Behandeling van het geschil

De zaak is behandeld op 10 oktober 2024 te Utrecht. Partijen zijn niet op de zitting verschenen.

Onderwerp van het geschil
Dit geschil vloeit voort uit de op 29 maart 2024 gesloten koopovereenkomst, waarbij de ondernemer een keyboard aan de consument heeft verkocht tegen een koopprijs van € 208,59. Deze zaak spitst zich toe op de terugbetalingsverplichting van de ondernemer.

Standpunt van de consument
Voor het standpunt van de consument verwijst de commissie naar de overgelegde stukken. Dat standpunt komt in de kern op het volgende neer. Zoals sinds 4 april 2024 bij de ondernemer is gemeld, heb ik het keyboard van de bestelling met nummer 171-3526416-5714715 nog niet ontvangen. Hierover heb ik schriftelijk geklaagd, maar de ondernemer stelt dat het keyboard mogelijk is gestolen en verlangt dat ik aangifte doe van een strafbaar feit voor een mogelijke terugbetaling van het aankoopbedrag. Daarna heb ik de koopovereenkomst bij e-mail van 10 april 2024 ontbonden en de ondernemer verzocht om teruggaaf van het aankoopbedrag binnen een redelijke termijn, omdat de ondernemer het keyboard niet heeft geleverd. De ondernemer weigert terugbetaling nadat ik de overeenkomst schriftelijk heb ontbonden. Hierover heb ik een klacht ingediend bij de ondernemer en Thuiswinkel.org, maar de ondernemer wil het aankoopbedrag alsnog niet terugbetalen. De ondernemer draagt de bewijslast van de aflevering van de bestelling. De consument eist ontbinding van de koopovereenkomst met terugbetaling van het aankoopbedrag, te vermeerderen met wettelijke rente en de kosten van de procedure, uitvoerbaar bij voorraad.

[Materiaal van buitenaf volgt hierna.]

(* For $k\in\mathbb Z\setminus\{0\}$: (i) if $\alpha\in(0,1)$, then $(2-2^{\alpha-1})^{-1}<c^-(k)+c^+(k)\le1$; (ii) if $\alpha\in(1,2)$, then $1\le c^-(k)+c^+(k)\le(2-2^{\alpha-1})^{-1}$.
   Context: $B_\alpha$ is fractional Brownian motion with $\mathrm{Cov}(B_\alpha(t),B_\alpha(s))=\frac{|t|^\alpha+|s|^\alpha-|t-s|^\alpha}{2}$, $\alpha\in(0,2)$; $Z_\alpha(t)=\sqrt2B_\alpha(t)-|t|^\alpha$. Let $\Sigma=\begin{pmatrix}2&2-2^\alpha\\2-2^\alpha&2\end{pmatrix}$ be the covariance matrix of $(Z_\alpha(-1),Z_\alpha(1))$. For $k\in\mathbb Z$, define $(c^-(k),c^+(k))^\top=\Sigma^{-1}\big(\mathrm{Cov}(Z_\alpha(k),Z_\alpha(-1)),\mathrm{Cov}(Z_\alpha(k),Z_\alpha(1))\big)^\top$. (Equivalently, $c^-(k)+c^+(k)=\frac{2+2|k|^\alpha-(|k|-1)^\alpha-(|k|+1)^\alpha}{4-2^\alpha}$ for $k\ne0$.) *)

theory Defs
  imports Complex_Main
begin

text \<open>Covariance of Z_alpha(t) = sqrt 2 * B_alpha(t) - |t|^alpha, where B_alpha is
  fractional Brownian motion: Cov(Z(t),Z(s)) = 2 Cov(B(t),B(s)) = |t|^a + |s|^a - |t-s|^a.\<close>
definition covZ :: "real \<Rightarrow> real \<Rightarrow> real \<Rightarrow> real" where
  "covZ a t s = \<bar>t\<bar> powr a + \<bar>s\<bar> powr a - \<bar>t - s\<bar> powr a"

definition Sig11 :: "real \<Rightarrow> real" where "Sig11 a = covZ a (-1) (-1)"
definition Sig12 :: "real \<Rightarrow> real" where "Sig12 a = covZ a (-1) 1"
definition Sig21 :: "real \<Rightarrow> real" where "Sig21 a = covZ a 1 (-1)"
definition Sig22 :: "real \<Rightarrow> real" where "Sig22 a = covZ a 1 1"
definition Sigdet :: "real \<Rightarrow> real" where
  "Sigdet a = Sig11 a * Sig22 a - Sig12 a * Sig21 a"

text \<open>(c^-(k), c^+(k))^T = Sigma^{-1} (Cov(Z(k),Z(-1)), Cov(Z(k),Z(1)))^T,
  with the 2x2 inverse written out explicitly.\<close>
definition c_minus :: "real \<Rightarrow> int \<Rightarrow> real" where
  "c_minus a k = (Sig22 a * covZ a (of_int k) (-1) - Sig12 a * covZ a (of_int k) 1) / Sigdet a"
definition c_plus :: "real \<Rightarrow> int \<Rightarrow> real" where
  "c_plus a k = (- Sig21 a * covZ a (of_int k) (-1) + Sig11 a * covZ a (of_int k) 1) / Sigdet a"

end

theory Submission
  imports Defs
begin

text \<open>With \<open>n = \<bar>k\<bar>\<close> one computes \<open>c\<^sup>-(k) + c\<^sup>+(k) = (2 - \<Delta>(n)) / (4 - 2\<^sup>\<alpha>)\<close>,
  where \<open>\<Delta>(x) = (x+1)\<^sup>\<alpha> - 2x\<^sup>\<alpha> + (x-1)\<^sup>\<alpha>\<close> is the second difference of \<open>x\<^sup>\<alpha>\<close>, and
  \<open>1/(2 - 2\<^sup>\<alpha>\<^sup>-\<^sup>1) = 2/(4 - 2\<^sup>\<alpha>)\<close>. So everything reduces to bounds on \<open>\<Delta>\<close> over
  \<open>[1,\<infinity>)\<close>. By the mean value theorem \<open>\<Delta>\<close> has the sign of \<open>\<alpha>(\<alpha>-1)\<close>, and
  \<open>\<Delta>' = \<alpha> \<cdot> \<Delta>\<^sub>\<alpha>\<^sub>-\<^sub>1\<close> has the sign of \<open>(\<alpha>-1)(\<alpha>-2)\<close>; hence for \<open>\<alpha> < 1\<close> the function
  \<open>\<Delta>\<close> increases from \<open>\<Delta>(1) = 2\<^sup>\<alpha> - 2\<close> and stays negative, and for \<open>1 < \<alpha> < 2\<close> it
  decreases from \<open>2\<^sup>\<alpha> - 2\<close> and stays positive.\<close>

lemma powr_mvt:
  fixes u v b :: real
  assumes "0 < u" "u < v"
  shows "\<exists>z. u < z \<and> z < v \<and> v powr b - u powr b = (v - u) * (b * z powr (b - 1))"
proof -
  have "\<And>t. u \<le> t \<Longrightarrow> t \<le> v \<Longrightarrow> ((\<lambda>t. t powr b) has_real_derivative b * t powr (b - 1)) (at t)"
    using assms by (auto intro!: has_real_derivative_powr)
  from MVT2[OF assms(2) this] show ?thesis
    by auto
qed

definition powr_second_diff :: "real \<Rightarrow> real \<Rightarrow> real" where
  "powr_second_diff b x = (x + 1) powr b - 2 * x powr b + (x - 1) powr b"

lemma powr_second_diff_mvt:
  fixes x b :: real
  assumes "x > 1"
  obtains p q where "x - 1 < p" "p < x" "x < q" "q < x + 1"
    "powr_second_diff b x = b * q powr (b - 1) - b * p powr (b - 1)"
proof -
  obtain q where q: "x < q" "q < x + 1" "(x + 1) powr b - x powr b = (x + 1 - x) * (b * q powr (b - 1))"
    using powr_mvt[of x "x + 1" b] assms by auto
  obtain p where p: "x - 1 < p" "p < x" "x powr b - (x - 1) powr b = (x - (x - 1)) * (b * p powr (b - 1))"
    using powr_mvt[of "x - 1" x b] assms by auto
  show ?thesis
    using that[OF p(1,2) q(1,2)] p(3) q(3) by (simp add: powr_second_diff_def algebra_simps)
qed

lemma powr_second_diff_neg:
  fixes x b :: real
  assumes "x > 1" "0 < b" "b < 1"
  shows "powr_second_diff b x < 0"
proof -
  obtain p q where pq: "x - 1 < p" "p < x" "x < q" "q < x + 1"
    "powr_second_diff b x = b * q powr (b - 1) - b * p powr (b - 1)"
    using powr_second_diff_mvt[OF assms(1)] by blast
  have "q powr (b - 1) < p powr (b - 1)"
    using pq assms by (intro powr_less_mono2_neg) auto
  then show ?thesis
    using pq(5) assms by simp
qed

lemma powr_second_diff_pos:
  fixes x b :: real
  assumes "x > 1" "b < 0 \<or> b > 1"
  shows "powr_second_diff b x > 0"
proof -
  obtain p q where pq: "x - 1 < p" "p < x" "x < q" "q < x + 1"
    "powr_second_diff b x = b * q powr (b - 1) - b * p powr (b - 1)"
    using powr_second_diff_mvt[OF assms(1)] by blast
  show ?thesis
  proof (cases "b < 0")
    case True
    have "q powr (b - 1) < p powr (b - 1)"
      using pq True assms by (intro powr_less_mono2_neg) auto
    then show ?thesis
      using pq(5) True by (simp add: mult_strict_left_mono_neg)
  next
    case False
    then have "b > 1"
      using assms by auto
    have "p powr (b - 1) < q powr (b - 1)"
      using pq \<open>b > 1\<close> assms by (intro powr_less_mono2) auto
    then show ?thesis
      using pq(5) \<open>b > 1\<close> by simp
  qed
qed

lemma powr_second_diff_at_1: "b > 0 \<Longrightarrow> powr_second_diff b 1 = 2 powr b - 2"
  by (simp add: powr_second_diff_def)

lemma has_real_derivative_powr_second_diff:
  fixes b t :: real
  assumes "t > 1"
  shows "(powr_second_diff b has_real_derivative b * powr_second_diff (b - 1) t) (at t)"
proof -
  have "((\<lambda>t. (t + 1) powr b - 2 * t powr b + (t - 1) powr b) has_real_derivative
          b * (t + 1) powr (b - 1) * 1 - 2 * (b * t powr (b - 1)) + b * (t - 1) powr (b - 1) * 1) (at t)"
    using assms
    by (intro DERIV_add DERIV_diff DERIV_cmult DERIV_chain2[OF has_real_derivative_powr]
          has_real_derivative_powr derivative_eq_intros) auto
  then show ?thesis
    unfolding powr_second_diff_def[abs_def] by (simp add: algebra_simps)
qed

lemma continuous_on_powr_second_diff: "b > 0 \<Longrightarrow> continuous_on {1..} (powr_second_diff b)"
  unfolding powr_second_diff_def[abs_def]
  by (intro continuous_intros continuous_on_powr') auto

lemma powr_second_diff_mono:
  fixes b x y :: real
  assumes "0 < b" "b < 1" "1 \<le> x" "x \<le> y"
  shows "powr_second_diff b x \<le> powr_second_diff b y"
proof (rule DERIV_nonneg_imp_increasing_open[OF assms(4)])
  fix t assume "x < t" "t < y"
  then have "DERIV (powr_second_diff b) t :> b * powr_second_diff (b - 1) t"
    and "b * powr_second_diff (b - 1) t \<ge> 0"
    using assms has_real_derivative_powr_second_diff powr_second_diff_pos[of t "b - 1"] by auto
  then show "\<exists>d. DERIV (powr_second_diff b) t :> d \<and> d \<ge> 0"
    by blast
next
  show "continuous_on {x..y} (powr_second_diff b)"
    by (rule continuous_on_subset[OF continuous_on_powr_second_diff]) (use assms in auto)
qed

lemma powr_second_diff_antimono:
  fixes b x y :: real
  assumes "1 < b" "b < 2" "1 \<le> x" "x \<le> y"
  shows "powr_second_diff b y \<le> powr_second_diff b x"
proof (rule DERIV_nonpos_imp_decreasing_open[OF assms(4)])
  fix t assume "x < t" "t < y"
  then have "DERIV (powr_second_diff b) t :> b * powr_second_diff (b - 1) t"
    and "b * powr_second_diff (b - 1) t \<le> 0"
    using assms has_real_derivative_powr_second_diff powr_second_diff_neg[of t "b - 1"]
    by (auto intro: mult_nonneg_nonpos)
  then show "\<exists>d. DERIV (powr_second_diff b) t :> d \<and> d \<le> 0"
    by blast
next
  show "continuous_on {x..y} (powr_second_diff b)"
    by (rule continuous_on_subset[OF continuous_on_powr_second_diff]) (use assms in auto)
qed

lemma powr_second_diff_neg_ge_1:
  fixes b x :: real
  assumes "0 < b" "b < 1" "1 \<le> x"
  shows "powr_second_diff b x < 0"
proof (cases "x = 1")
  case True
  have "2 powr b < 2 powr (1::real)"
    using assms by (intro powr_less_mono) auto
  then show ?thesis
    using True assms powr_second_diff_at_1 by simp
qed (use assms powr_second_diff_neg in auto)

lemma powr_second_diff_pos_ge_1:
  fixes b x :: real
  assumes "1 < b" "1 \<le> x"
  shows "powr_second_diff b x > 0"
proof (cases "x = 1")
  case True
  have "2 powr (1::real) < 2 powr b"
    using assms by (intro powr_less_mono) auto
  then show ?thesis
    using True assms powr_second_diff_at_1 by simp
qed (use assms powr_second_diff_pos in auto)

lemma covZ_sum_at_pm1:
  fixes k :: int
  assumes "k \<noteq> 0"
  shows "covZ a (of_int k) (-1) + covZ a (of_int k) 1 = 2 - powr_second_diff a \<bar>of_int k\<bar>"
proof -
  have "\<bar>real_of_int k + 1\<bar> powr a + \<bar>real_of_int k - 1\<bar> powr a
          = (\<bar>of_int k\<bar> + 1) powr a + (\<bar>of_int k\<bar> - 1) powr a"
  proof (cases "k > 0")
    case True
    then have "\<bar>real_of_int k + 1\<bar> = \<bar>of_int k\<bar> + 1" "\<bar>real_of_int k - 1\<bar> = \<bar>of_int k\<bar> - 1"
      by auto
    then show ?thesis
      by simp
  next
    case False
    then have "\<bar>real_of_int k + 1\<bar> = \<bar>of_int k\<bar> - 1" "\<bar>real_of_int k - 1\<bar> = \<bar>of_int k\<bar> + 1"
      using assms by auto
    then show ?thesis
      by simp
  qed
  then show ?thesis
    unfolding covZ_def powr_second_diff_def by (simp add: algebra_simps)
qed

lemma c_minus_plus_eq:
  fixes k :: int
  assumes "k \<noteq> 0"
  shows "c_minus a k + c_plus a k = (2 - powr_second_diff a \<bar>of_int k\<bar>) / (4 - 2 powr a)"
proof -
  have Sig: "Sig11 a = 2" "Sig22 a = 2" "Sig12 a = 2 - 2 powr a" "Sig21 a = 2 - 2 powr a"
    by (simp_all add: Sig11_def Sig22_def Sig12_def Sig21_def covZ_def)
  have det: "Sigdet a = 2 powr a * (4 - 2 powr a)"
    unfolding Sigdet_def Sig by (simp add: algebra_simps)
  have "c_minus a k + c_plus a k
          = 2 powr a * (covZ a (of_int k) (-1) + covZ a (of_int k) 1) / (2 powr a * (4 - 2 powr a))"
    unfolding c_minus_def c_plus_def Sig det by (simp add: add_divide_distrib[symmetric] algebra_simps)
  also have "\<dots> = (covZ a (of_int k) (-1) + covZ a (of_int k) 1) / (4 - 2 powr a)"
    by simp
  finally show ?thesis
    using covZ_sum_at_pm1[OF assms] by simp
qed

theorem lemma3p7:
  fixes a :: real and k :: int
  assumes "k \<noteq> 0"
  shows "(0 < a \<and> a < 1 \<longrightarrow>
            1 / (2 - 2 powr (a - 1)) < c_minus a k + c_plus a k \<and> c_minus a k + c_plus a k \<le> 1)
       \<and> (1 < a \<and> a < 2 \<longrightarrow>
            1 \<le> c_minus a k + c_plus a k \<and> c_minus a k + c_plus a k \<le> 1 / (2 - 2 powr (a - 1)))"
proof -
  define n where "n = \<bar>real_of_int k\<bar>"
  have n: "1 \<le> n"
    using assms unfolding n_def by linarith
  have bound: "1 / (2 - 2 powr (a - 1)) = 2 / (4 - 2 powr a)"
    by (simp add: powr_diff field_simps)
  have sum: "c_minus a k + c_plus a k = (2 - powr_second_diff a n) / (4 - 2 powr a)"
    using c_minus_plus_eq[OF assms] unfolding n_def .
  have denom: "0 < 4 - 2 powr a" if "a < 2"
    using powr_less_mono[OF that, of 2] by simp
  show ?thesis
  proof (intro conjI impI; elim conjE)
    assume a: "0 < a" "a < 1"
    then show "1 / (2 - 2 powr (a - 1)) < c_minus a k + c_plus a k"
      unfolding bound sum using denom powr_second_diff_neg_ge_1[OF a n] by (simp add: divide_strict_right_mono)
    show "c_minus a k + c_plus a k \<le> 1"
      unfolding sum using a denom powr_second_diff_mono[OF a order_refl n] powr_second_diff_at_1 by simp
  next
    assume a: "1 < a" "a < 2"
    then show "1 \<le> c_minus a k + c_plus a k"
      unfolding sum using denom powr_second_diff_antimono[OF a order_refl n] powr_second_diff_at_1 by simp
    show "c_minus a k + c_plus a k \<le> 1 / (2 - 2 powr (a - 1))"
      unfolding bound sum using a denom powr_second_diff_pos_ge_1[OF a(1) n]
      by (simp add: divide_right_mono)
  qed
qed

end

Standpunt van de ondernemer
Voor het standpunt van de ondernemer verwijst de commissie naar de overgelegde stukken. Dit standpunt komt in de kern op het volgende neer. Zoals reeds op 27 mei 2024 aan de consument gemaild, heeft de ondernemer (terug)betaling aangeboden van het door de consument gevorderde bedrag inclusief klachtengeld. Omdat de consument de hoogte van het klachtengeld des verzocht niet heeft aangegeven, gaat de ondernemer er vooralsnog van uit dat het klachtengeld € 52,50 heeft bedragen. De terugbetaling van het totale bedrag is inmiddels in gang gezet.

Beoordeling van het geschil
Nadat de ondernemer eerder had bericht dat partijen de zaak onderling zouden hebben opgelost en het secretariaat op basis daarvan de zaak had gesloten, heeft de consument bericht dat de zaak niet is opgelost en heropend dient te worden. Het secretariaat heeft partijen vervolgens bericht dat de zaak inderdaad is heropend en dat de procedure wordt voortgezet. De commissie gaat dan ook over tot de beoordeling van het voorliggende geschil en overweegt als volgt.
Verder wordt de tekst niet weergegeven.